Problem to solve: Once the line with "by (simp add: dd0_def" is found in the entries below, repeat it and each following line exactly, up to and including the line with "(\<lambda>k. - s". Add no other lines.

[Stored data]
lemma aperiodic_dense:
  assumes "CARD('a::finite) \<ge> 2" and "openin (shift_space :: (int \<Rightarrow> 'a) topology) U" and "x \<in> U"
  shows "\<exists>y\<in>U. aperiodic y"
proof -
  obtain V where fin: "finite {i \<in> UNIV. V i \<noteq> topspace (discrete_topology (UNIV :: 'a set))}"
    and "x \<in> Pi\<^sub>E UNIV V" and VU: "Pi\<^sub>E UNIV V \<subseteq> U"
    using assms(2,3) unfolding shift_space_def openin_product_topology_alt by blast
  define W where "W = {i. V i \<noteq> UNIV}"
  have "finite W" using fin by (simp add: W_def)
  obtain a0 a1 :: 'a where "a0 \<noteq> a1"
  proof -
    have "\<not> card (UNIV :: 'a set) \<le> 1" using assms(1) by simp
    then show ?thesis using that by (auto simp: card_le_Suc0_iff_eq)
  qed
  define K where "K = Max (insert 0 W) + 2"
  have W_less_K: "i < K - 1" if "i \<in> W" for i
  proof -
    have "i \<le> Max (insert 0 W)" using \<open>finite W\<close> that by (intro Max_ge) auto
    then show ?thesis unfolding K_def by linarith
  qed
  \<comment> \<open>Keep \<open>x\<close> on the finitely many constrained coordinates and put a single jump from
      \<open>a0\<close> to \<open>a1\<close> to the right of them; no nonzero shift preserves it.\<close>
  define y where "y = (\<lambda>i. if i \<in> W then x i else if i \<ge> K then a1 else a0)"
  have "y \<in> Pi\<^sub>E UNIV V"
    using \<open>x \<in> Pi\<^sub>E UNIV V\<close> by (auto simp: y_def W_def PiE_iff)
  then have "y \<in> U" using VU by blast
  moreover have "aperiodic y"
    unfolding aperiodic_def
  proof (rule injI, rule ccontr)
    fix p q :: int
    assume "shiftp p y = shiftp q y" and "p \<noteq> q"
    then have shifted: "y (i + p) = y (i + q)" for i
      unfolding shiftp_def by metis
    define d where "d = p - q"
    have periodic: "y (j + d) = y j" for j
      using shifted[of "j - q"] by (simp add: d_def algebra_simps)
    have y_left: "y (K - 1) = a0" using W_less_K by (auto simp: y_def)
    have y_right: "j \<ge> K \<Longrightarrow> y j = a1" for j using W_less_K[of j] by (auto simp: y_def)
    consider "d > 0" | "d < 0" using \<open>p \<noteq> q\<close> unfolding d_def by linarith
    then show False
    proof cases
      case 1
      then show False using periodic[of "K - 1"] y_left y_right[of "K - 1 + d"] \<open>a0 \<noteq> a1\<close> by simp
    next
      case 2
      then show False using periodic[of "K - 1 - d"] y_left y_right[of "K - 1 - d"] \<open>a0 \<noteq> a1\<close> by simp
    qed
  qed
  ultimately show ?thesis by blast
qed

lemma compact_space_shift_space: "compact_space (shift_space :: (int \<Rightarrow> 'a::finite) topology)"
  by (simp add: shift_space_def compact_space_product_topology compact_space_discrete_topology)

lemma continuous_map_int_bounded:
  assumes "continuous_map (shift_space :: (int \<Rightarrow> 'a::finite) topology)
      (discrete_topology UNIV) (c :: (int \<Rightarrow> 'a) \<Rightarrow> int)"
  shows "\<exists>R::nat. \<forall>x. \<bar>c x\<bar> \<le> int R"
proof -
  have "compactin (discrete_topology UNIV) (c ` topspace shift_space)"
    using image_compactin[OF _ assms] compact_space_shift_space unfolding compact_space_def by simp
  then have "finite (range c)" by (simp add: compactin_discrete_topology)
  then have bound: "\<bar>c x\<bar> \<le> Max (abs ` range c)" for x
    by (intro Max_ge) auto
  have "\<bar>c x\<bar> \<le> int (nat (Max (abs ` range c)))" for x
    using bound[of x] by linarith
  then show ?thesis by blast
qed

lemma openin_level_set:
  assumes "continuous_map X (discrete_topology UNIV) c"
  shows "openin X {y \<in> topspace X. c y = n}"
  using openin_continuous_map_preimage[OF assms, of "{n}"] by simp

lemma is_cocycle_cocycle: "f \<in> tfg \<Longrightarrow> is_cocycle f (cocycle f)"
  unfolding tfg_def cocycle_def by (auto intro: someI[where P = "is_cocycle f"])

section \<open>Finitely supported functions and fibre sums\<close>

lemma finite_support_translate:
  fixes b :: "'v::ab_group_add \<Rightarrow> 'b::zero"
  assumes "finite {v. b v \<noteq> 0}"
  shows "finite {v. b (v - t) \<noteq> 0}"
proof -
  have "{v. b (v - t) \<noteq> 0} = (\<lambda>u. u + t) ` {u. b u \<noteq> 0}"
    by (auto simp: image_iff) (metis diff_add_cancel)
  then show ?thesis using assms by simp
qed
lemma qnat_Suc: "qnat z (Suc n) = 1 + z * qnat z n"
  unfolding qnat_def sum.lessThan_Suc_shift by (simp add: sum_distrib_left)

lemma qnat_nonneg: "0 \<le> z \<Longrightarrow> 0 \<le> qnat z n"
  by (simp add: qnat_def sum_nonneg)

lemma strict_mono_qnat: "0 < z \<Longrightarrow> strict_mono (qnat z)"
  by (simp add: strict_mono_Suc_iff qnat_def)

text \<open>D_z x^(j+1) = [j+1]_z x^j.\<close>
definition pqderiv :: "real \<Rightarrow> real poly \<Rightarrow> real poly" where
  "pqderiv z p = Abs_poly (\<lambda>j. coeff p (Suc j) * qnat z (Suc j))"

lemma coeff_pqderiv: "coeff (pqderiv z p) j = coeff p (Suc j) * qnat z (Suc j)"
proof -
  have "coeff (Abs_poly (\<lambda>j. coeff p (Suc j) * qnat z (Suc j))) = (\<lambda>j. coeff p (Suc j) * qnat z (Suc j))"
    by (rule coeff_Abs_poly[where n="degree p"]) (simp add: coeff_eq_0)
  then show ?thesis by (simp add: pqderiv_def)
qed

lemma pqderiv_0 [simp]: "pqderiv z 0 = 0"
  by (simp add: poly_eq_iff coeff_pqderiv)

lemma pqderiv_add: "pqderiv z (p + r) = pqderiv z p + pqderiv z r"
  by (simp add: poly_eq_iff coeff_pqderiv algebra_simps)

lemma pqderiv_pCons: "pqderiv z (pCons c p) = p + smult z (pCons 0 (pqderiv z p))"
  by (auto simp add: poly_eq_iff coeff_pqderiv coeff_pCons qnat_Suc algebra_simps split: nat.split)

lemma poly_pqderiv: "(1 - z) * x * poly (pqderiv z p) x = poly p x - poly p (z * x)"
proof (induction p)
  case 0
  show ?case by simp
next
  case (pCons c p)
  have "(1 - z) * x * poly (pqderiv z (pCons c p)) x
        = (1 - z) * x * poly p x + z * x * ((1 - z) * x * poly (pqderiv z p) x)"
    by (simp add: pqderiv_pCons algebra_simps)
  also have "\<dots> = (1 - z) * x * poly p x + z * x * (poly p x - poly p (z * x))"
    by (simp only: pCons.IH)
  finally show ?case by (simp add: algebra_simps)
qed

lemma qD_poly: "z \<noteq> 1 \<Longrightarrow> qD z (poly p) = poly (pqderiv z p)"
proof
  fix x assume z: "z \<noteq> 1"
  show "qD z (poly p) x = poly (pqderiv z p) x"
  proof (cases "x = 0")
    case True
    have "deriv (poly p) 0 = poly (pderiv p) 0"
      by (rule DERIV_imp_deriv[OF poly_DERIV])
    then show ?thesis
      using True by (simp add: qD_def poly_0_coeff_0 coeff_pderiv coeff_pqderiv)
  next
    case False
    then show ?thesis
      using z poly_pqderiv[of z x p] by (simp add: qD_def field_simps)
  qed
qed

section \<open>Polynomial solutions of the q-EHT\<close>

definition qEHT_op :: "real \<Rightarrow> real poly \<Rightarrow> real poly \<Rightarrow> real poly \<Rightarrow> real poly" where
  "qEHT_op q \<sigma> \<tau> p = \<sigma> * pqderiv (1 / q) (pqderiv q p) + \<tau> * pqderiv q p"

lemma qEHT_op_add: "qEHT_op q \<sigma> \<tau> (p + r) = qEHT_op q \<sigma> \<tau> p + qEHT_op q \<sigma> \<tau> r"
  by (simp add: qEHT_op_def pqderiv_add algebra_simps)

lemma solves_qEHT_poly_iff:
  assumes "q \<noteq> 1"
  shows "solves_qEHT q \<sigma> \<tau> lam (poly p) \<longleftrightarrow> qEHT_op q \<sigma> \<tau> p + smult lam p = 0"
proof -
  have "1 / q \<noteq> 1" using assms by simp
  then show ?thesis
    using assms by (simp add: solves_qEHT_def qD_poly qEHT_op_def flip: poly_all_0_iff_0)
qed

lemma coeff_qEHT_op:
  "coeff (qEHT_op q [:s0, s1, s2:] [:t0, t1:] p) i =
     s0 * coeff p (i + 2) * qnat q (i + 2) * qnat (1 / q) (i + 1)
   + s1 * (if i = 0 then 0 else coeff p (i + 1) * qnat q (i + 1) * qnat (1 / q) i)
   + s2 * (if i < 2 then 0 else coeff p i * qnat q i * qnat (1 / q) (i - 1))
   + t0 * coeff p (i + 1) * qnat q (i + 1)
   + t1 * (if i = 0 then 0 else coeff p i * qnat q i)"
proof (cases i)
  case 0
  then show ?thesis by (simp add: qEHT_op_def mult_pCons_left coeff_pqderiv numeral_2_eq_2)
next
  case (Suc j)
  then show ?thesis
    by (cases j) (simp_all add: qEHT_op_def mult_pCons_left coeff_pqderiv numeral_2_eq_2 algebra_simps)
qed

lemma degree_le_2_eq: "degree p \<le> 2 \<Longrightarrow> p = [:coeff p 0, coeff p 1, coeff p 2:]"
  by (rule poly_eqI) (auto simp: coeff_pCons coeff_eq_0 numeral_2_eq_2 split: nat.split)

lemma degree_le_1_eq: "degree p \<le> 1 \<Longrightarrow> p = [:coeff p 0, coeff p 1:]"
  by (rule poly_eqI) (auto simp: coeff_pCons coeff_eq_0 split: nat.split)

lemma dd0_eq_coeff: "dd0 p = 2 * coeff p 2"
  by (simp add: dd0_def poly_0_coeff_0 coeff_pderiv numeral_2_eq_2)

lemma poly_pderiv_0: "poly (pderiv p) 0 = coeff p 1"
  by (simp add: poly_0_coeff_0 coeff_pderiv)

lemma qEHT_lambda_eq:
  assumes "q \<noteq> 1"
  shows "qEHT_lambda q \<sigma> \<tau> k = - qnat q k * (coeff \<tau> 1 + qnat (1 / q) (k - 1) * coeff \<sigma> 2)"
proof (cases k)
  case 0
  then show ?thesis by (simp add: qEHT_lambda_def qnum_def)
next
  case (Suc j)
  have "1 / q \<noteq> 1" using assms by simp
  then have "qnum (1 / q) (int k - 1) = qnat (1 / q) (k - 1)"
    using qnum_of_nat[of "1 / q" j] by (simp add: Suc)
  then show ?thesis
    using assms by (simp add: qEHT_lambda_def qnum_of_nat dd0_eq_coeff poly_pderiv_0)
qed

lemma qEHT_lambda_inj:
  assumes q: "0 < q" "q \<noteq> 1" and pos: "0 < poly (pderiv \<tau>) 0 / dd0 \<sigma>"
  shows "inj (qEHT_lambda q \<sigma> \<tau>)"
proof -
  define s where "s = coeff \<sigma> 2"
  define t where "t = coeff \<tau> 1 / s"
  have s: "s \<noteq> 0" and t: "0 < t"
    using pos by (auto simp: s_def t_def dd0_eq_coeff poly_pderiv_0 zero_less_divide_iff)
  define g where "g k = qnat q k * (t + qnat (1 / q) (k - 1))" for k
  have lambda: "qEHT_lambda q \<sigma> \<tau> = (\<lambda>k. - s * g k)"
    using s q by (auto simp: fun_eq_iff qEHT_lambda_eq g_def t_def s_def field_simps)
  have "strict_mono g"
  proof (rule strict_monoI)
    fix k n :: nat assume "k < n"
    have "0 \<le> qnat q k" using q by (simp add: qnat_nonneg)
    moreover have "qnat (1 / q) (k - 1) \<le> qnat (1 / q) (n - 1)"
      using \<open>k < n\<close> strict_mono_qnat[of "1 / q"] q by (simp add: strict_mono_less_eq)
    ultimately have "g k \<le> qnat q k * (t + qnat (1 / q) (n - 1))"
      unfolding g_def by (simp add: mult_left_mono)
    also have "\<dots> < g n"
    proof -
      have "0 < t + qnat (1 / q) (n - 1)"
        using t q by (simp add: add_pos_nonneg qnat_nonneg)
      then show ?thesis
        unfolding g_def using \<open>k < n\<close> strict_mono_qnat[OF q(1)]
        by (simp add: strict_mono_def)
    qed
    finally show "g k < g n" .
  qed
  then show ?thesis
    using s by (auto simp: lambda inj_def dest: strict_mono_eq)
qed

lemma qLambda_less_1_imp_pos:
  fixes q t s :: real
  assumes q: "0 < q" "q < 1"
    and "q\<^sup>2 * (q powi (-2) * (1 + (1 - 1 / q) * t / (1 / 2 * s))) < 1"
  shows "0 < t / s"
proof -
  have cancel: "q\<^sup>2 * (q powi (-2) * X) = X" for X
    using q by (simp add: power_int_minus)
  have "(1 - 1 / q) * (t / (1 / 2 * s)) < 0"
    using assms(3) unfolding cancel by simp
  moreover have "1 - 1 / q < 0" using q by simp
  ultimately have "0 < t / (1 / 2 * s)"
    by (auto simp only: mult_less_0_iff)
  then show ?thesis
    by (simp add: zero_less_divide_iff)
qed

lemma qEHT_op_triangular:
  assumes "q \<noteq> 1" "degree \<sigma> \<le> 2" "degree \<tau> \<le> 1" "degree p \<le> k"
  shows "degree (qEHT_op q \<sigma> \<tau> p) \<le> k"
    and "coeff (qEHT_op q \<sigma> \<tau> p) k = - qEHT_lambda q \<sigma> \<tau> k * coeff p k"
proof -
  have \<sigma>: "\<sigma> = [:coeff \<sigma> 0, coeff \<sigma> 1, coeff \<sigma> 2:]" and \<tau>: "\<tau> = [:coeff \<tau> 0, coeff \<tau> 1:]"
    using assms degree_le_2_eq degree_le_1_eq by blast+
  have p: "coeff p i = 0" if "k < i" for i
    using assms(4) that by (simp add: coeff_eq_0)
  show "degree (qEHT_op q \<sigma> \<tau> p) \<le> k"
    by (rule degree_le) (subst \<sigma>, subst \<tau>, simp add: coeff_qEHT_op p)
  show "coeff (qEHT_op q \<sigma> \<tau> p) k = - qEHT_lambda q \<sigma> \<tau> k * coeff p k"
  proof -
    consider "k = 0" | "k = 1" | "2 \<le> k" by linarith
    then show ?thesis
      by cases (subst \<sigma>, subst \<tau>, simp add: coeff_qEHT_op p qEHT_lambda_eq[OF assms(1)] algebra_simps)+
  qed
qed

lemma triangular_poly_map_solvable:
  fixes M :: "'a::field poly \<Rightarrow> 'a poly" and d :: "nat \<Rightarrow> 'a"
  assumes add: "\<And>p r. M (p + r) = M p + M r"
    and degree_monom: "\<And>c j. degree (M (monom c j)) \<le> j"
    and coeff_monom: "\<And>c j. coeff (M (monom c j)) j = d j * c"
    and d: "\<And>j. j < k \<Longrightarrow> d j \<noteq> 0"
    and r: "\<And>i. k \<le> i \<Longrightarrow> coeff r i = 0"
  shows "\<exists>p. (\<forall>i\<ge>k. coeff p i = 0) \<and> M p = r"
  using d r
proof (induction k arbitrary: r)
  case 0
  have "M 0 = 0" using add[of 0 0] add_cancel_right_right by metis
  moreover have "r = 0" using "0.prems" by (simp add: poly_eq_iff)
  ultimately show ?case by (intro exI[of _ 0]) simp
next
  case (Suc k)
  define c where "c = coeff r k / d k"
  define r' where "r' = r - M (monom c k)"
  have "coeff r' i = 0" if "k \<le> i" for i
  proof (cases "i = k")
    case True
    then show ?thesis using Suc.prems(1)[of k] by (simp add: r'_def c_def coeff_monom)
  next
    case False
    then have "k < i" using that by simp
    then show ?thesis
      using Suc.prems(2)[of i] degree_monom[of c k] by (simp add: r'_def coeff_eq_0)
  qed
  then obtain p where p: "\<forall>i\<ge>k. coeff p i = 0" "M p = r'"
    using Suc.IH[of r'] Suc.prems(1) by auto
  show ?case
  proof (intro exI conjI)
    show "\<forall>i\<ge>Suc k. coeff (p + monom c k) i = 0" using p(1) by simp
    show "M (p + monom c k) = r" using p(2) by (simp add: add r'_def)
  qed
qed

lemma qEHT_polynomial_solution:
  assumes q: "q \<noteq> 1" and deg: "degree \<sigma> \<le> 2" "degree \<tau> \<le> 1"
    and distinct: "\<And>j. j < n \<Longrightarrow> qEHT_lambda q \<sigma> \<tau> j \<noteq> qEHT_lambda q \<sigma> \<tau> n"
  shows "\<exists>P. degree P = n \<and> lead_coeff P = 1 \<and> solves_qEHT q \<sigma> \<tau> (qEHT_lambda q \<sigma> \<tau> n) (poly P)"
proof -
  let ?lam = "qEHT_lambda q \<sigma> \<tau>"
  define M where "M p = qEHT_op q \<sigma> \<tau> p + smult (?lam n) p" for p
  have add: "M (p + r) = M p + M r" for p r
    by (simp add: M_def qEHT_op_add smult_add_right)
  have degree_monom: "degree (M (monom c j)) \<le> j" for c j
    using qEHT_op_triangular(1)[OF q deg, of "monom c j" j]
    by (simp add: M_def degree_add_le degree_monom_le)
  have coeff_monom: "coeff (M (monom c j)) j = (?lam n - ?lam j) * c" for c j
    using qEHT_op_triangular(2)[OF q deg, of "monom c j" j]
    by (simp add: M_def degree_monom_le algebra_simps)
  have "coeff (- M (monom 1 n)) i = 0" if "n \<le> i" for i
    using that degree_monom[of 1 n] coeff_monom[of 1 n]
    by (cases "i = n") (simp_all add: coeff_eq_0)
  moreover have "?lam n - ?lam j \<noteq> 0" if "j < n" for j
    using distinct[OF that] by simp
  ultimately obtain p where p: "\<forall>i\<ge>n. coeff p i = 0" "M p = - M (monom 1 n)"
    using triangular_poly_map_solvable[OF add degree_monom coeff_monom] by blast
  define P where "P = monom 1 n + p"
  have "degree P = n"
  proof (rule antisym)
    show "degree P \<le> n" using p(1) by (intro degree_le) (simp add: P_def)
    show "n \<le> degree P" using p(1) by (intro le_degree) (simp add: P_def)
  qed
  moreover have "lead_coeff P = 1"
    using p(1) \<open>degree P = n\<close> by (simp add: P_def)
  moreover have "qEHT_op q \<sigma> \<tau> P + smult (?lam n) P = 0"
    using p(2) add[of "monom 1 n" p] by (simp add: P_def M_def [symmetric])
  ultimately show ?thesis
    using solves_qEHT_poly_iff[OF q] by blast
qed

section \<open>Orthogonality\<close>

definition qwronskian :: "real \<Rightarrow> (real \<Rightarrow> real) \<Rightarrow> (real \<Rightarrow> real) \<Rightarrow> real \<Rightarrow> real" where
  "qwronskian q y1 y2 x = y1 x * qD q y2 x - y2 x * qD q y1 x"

Solution below:
  by (simp add: dd0_def poly_0_coeff_0 coeff_pderiv numeral_2_eq_2)

lemma poly_pderiv_0: "poly (pderiv p) 0 = coeff p 1"
  by (simp add: poly_0_coeff_0 coeff_pderiv)

lemma qEHT_lambda_eq:
  assumes "q \<noteq> 1"
  shows "qEHT_lambda q \<sigma> \<tau> k = - qnat q k * (coeff \<tau> 1 + qnat (1 / q) (k - 1) * coeff \<sigma> 2)"
proof (cases k)
  case 0
  then show ?thesis by (simp add: qEHT_lambda_def qnum_def)
next
  case (Suc j)
  have "1 / q \<noteq> 1" using assms by simp
  then have "qnum (1 / q) (int k - 1) = qnat (1 / q) (k - 1)"
    using qnum_of_nat[of "1 / q" j] by (simp add: Suc)
  then show ?thesis
    using assms by (simp add: qEHT_lambda_def qnum_of_nat dd0_eq_coeff poly_pderiv_0)
qed

lemma qEHT_lambda_inj:
  assumes q: "0 < q" "q \<noteq> 1" and pos: "0 < poly (pderiv \<tau>) 0 / dd0 \<sigma>"
  shows "inj (qEHT_lambda q \<sigma> \<tau>)"
proof -
  define s where "s = coeff \<sigma> 2"
  define t where "t = coeff \<tau> 1 / s"
  have s: "s \<noteq> 0" and t: "0 < t"
    using pos by (auto simp: s_def t_def dd0_eq_coeff poly_pderiv_0 zero_less_divide_iff)
  define g where "g k = qnat q k * (t + qnat (1 / q) (k - 1))" for k
  have lambda: "qEHT_lambda q \<sigma> \<tau> = (\<lambda>k. - s * g k)"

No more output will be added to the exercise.